Obvious (in the sense that we have done a similar one).

$\Psi$ is surjective:

We now show that any linear functional on $c_0$ can be obtained in this way i.e. $\forall \psi \in (c_0)^* ~ \exists y \in \ell^1$ such that $\Psi(y) = \psi$. Define the sequence $(e^{(n)}) \subset c_{00}$ as

\[e_k^{(n)}= \begin{cases}1 & \text { if } n=k \\ 0 & \text { otherwise. }\end{cases}\] Claim:

$\forall x \in {c}_0$, we have

\[x=\sum_{k=1}^{\infty} x_k e^{(k)}.\] Proof of the claim:

Let \(x^{(n)}=\sum_{k=1}^n x_k e^{(k)}.\) Observe that \(\left\|x-x^{(n)}\right\|_{\infty} = \|(0,\dots, 0, x_{n+1}, x_{n+2}, \dots, x_{m}, \dots)\|_{\infty} = \sup_{k \geq n+1}|x_n| \overset{n \to \infty}{\to} 0\)

since $x_n \to 0$. So $x^{(n)} \to x$ as claimed. ◼

Note that this claim is not true if we replace ${c}_0$ with $\ell^{\infty}$ as we no longer have $x_n \to 0$.

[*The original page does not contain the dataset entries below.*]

text \<open>Abel's theorem: the binomial series converges absolutely on the unit circle when
  \<open>Re \<alpha> > 0\<close>, so its sum is the radial limit of \<open>(1 + r u) powr \<alpha>\<close> as \<open>r \<rightarrow> 1\<^sup>-\<close>.\<close>
lemma gbinomial_series_unit_circle:
  fixes \<alpha> u :: complex
  assumes re: "Re \<alpha> > 0" and u: "norm u = 1" "u \<noteq> -1"
  shows "(\<lambda>j. (\<alpha> gchoose j) * u ^ j) sums ((1 + u) powr \<alpha>)"
proof -
  define f where "f r = (\<Sum>j. (\<alpha> gchoose j) * (complex_of_real r * u) ^ j)" for r :: real
  have sn: "summable (\<lambda>j. norm (\<alpha> gchoose j))" by (rule summable_norm_gbinomial[OF re])
  have "uniform_limit {0..1} (\<lambda>n r. \<Sum>j<n. (\<alpha> gchoose j) * (complex_of_real r * u) ^ j) f sequentially"
    unfolding f_def
  proof (rule Weierstrass_m_test[OF _ sn])
    fix j :: nat and r :: real assume r: "r \<in> {0..1}"
    have "norm ((\<alpha> gchoose j) * (complex_of_real r * u) ^ j) = norm (\<alpha> gchoose j) * \<bar>r\<bar> ^ j"
      using u by (simp add: norm_mult norm_power)
    also have "\<dots> \<le> norm (\<alpha> gchoose j)"
      using r by (intro mult_left_le power_le_one) auto
    finally show "norm ((\<alpha> gchoose j) * (complex_of_real r * u) ^ j) \<le> norm (\<alpha> gchoose j)" .
  qed
  hence "continuous_on {0..1} f"
    by (rule uniform_limit_theorem[rotated]) (auto intro!: always_eventually continuous_intros)
  hence f_lim: "(f \<longlongrightarrow> f 1) (at_left 1)"
    by (rule continuous_on_Icc_at_leftD) simp
  have "eventually (\<lambda>r. (1 + complex_of_real r * u) powr \<alpha> = f r) (at_left (1::real))"
    using eventually_at_left_real[OF zero_less_one]
  proof (rule eventually_mono)
    fix r :: real assume "r \<in> {0<..<1}"
    hence "norm (complex_of_real r * u) < 1" using u by (simp add: norm_mult)
    from gen_binomial_complex[OF this, of \<alpha>] show "(1 + complex_of_real r * u) powr \<alpha> = f r"
      unfolding f_def by (simp add: sums_iff)
  qed
  moreover have "((\<lambda>r. (1 + complex_of_real r * u) powr \<alpha>) \<longlongrightarrow> (1 + u) powr \<alpha>) (at_left (1::real))"
  proof (rule tendsto_powr_complex[OF _ _ tendsto_const])
    show "1 + u \<notin> \<real>\<^sub>\<le>\<^sub>0"
      using unit_circle_neq_minus_one_imp_Re_gt[OF u] by (auto simp: complex_nonpos_Reals_iff)
    show "((\<lambda>r. 1 + complex_of_real r * u) \<longlongrightarrow> 1 + u) (at_left (1::real))"
      by (rule tendsto_eq_intros refl | simp)+
  qed
  ultimately have "(f \<longlongrightarrow> (1 + u) powr \<alpha>) (at_left 1)"
    by (rule Lim_transform_eventually[rotated]) 
  hence "f 1 = (1 + u) powr \<alpha>"
    using tendsto_unique[OF trivial_limit_at_left_real f_lim] by simp
  moreover have "summable (\<lambda>j. (\<alpha> gchoose j) * u ^ j)"
    by (rule summable_norm_cancel) (use sn u in \<open>simp add: norm_mult norm_power\<close>)
  ultimately show ?thesis unfolding f_def by (simp add: sums_iff)
qed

For $\psi \in ({c}_0)^*$, define the sequence $y$ as $y_k = \psi(e^{(k)})$. We can see that if $y \in \ell^{1}$ (check later), then $\forall x \in {c}_0$,

\[\begin{align*} \psi(x) &= \psi \left(\lim_{n \to \infty} \sum_{k=1}^{n} x^{(n)}\right) \overset{\psi \text{ is bounded }}{=} \lim_{n \to \infty}\psi \left(\sum_{k=1}^{n} x^{(n)}\right) \overset{\psi \text{ is linear }}{=} \lim_{n \to \infty} \left(\sum_{k=1}^{n} \psi(x^{(n)})\right) \overset{\psi \text{ is linear }}{=} \sum_{k=1}^{\infty} x_k \psi(e^{(k)})\\ & = \sum_{k=1}^{\infty} x_k y_k = \left[\Psi_p(y)\right](x). \end{align*}\]

Now it remains to show that $y \in \ell^1$.

Indeed, for $x^{(n)}$ defined as in $(\dagger)$, we have \(\sum_{k=1}^n\left|y_k\right|=\psi\left(x^{(n)}\right) \leq\|\psi\|\left\|x^{(n)}\right\| \leq\|\psi\| .\) Passing to the limit $n \rightarrow \infty$ gives $\lVert y \rVert _1 \leq \lVert \psi \rVert <\infty$. This completes the proof of surjectivity. ◼

Exercises

Later when I feel particularly productive.